Monday, August 24, 2009

Morgan Stanley Wants Back in the Game

 

Back in May, Berkshire Hathaway (NYSE: BRK-A) co-chairman Charlie Munger remarked:

Banks that are 'too big to fail' shouldn't be allowed to be anything but boring. And that's how it used to be. Investment banking used to be a consulting business. It was extremely boring. The partners didn't make nearly the kind of money they do today. They were very conservative businesses.

There's no reason to have a system where every young man has $8 billion to play with and buy whatever he wants. It's incredibly stupid. It's absolutely crazy. If I were in charge, I'd take away everything from banks that wasn't boring.

Seems fair. Banks took on too much risk during the boom years, and it came back to bite 'em last fall. Naturally, we'd hope they'd move toward becoming stable, sustainable, conservative shops.

But don't tell that to Morgan Stanley (NYSE: MS). After dramatically scaling back its risk exposure after Lehman Brothers collapsed last fall, the bank's profits lagged those of Goldman Sachs (NYSE: GS) and JPMorgan Chase (NYSE: JPM). Frustrated, Morgan Stanley's now hiring 400 people to reenergize its sales and trading operations.

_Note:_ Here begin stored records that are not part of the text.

lemma disc_pt_factored:
  assumes "av t = r" "r > 0"
  shows "disc_pt av c r (smult l (prod_list (map linear_factor xs)))
    = av l * prod_list (map (\<lambda>\<alpha>. max r (av (c - \<alpha>))) xs)"
    (is "disc_pt av c r ?h = ?V")
proof -
  have av_poly: "av (poly ?h z) = av l * prod_list (map (\<lambda>\<alpha>. av (z - \<alpha>)) xs)" for z
    by (simp add: poly_prod_linear_factors av_prod_list)
  have bound: "av (poly ?h z) \<le> ?V" if "av (z - c) \<le> r" for z
  proof -
    have "0 \<le> av (z - \<alpha>) \<and> av (z - \<alpha>) \<le> max r (av (c - \<alpha>))" for \<alpha>
      using av_add_le_max[of "z - c" "c - \<alpha>"] that by simp
    then show ?thesis
      unfolding av_poly
      using prod_list_mono_nonneg[of xs "\<lambda>\<alpha>. av (z - \<alpha>)" "\<lambda>\<alpha>. max r (av (c - \<alpha>))"]
      by (simp add: mult_left_mono)
  qed
  obtain z where z: "av (z - c) \<le> r" "\<forall>\<alpha>\<in>set xs. av (z - \<alpha>) = max r (av (c - \<alpha>))"
    using exists_av_diff_eq_max[OF assms] by blast
  then have attained: "av (poly ?h z) = ?V"
    unfolding av_poly by (simp cong: map_cong)
  have "(SUP z\<in>{z. av (z - c) \<le> r}. av (poly ?h z)) = ?V"
  proof (rule cSup_eq_maximum)
    show "?V \<in> (\<lambda>z. av (poly ?h z)) ` {z. av (z - c) \<le> r}"
      using attained z(1) by (metis (mono_tags) image_eqI mem_Collect_eq)
  qed (use bound in auto)
  then show ?thesis
    unfolding disc_pt_def .
qed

While sales and trading can take on many different forms -- including some, like market making, that are virtually risk-free -- it is, on the whole, the segment that transformed old-school Wall Street banks into the explosive giants we now know them as. It turns Munger's old "consulting businesses" into incredibly large, too-big-to-fail hedge funds.

Trading in fixed-income securities became quite lucrative after Bear Stearns and Lehman blew up, since the reduced competition benefited the survivors. Banks' current rush to cash in on trading profits isn't surprising; it's capitalism at work. More importantly, if Morgan Stanley didn't jump back into the trading game while competitors prospered, shareholders would likely oust management in favor of someone who would.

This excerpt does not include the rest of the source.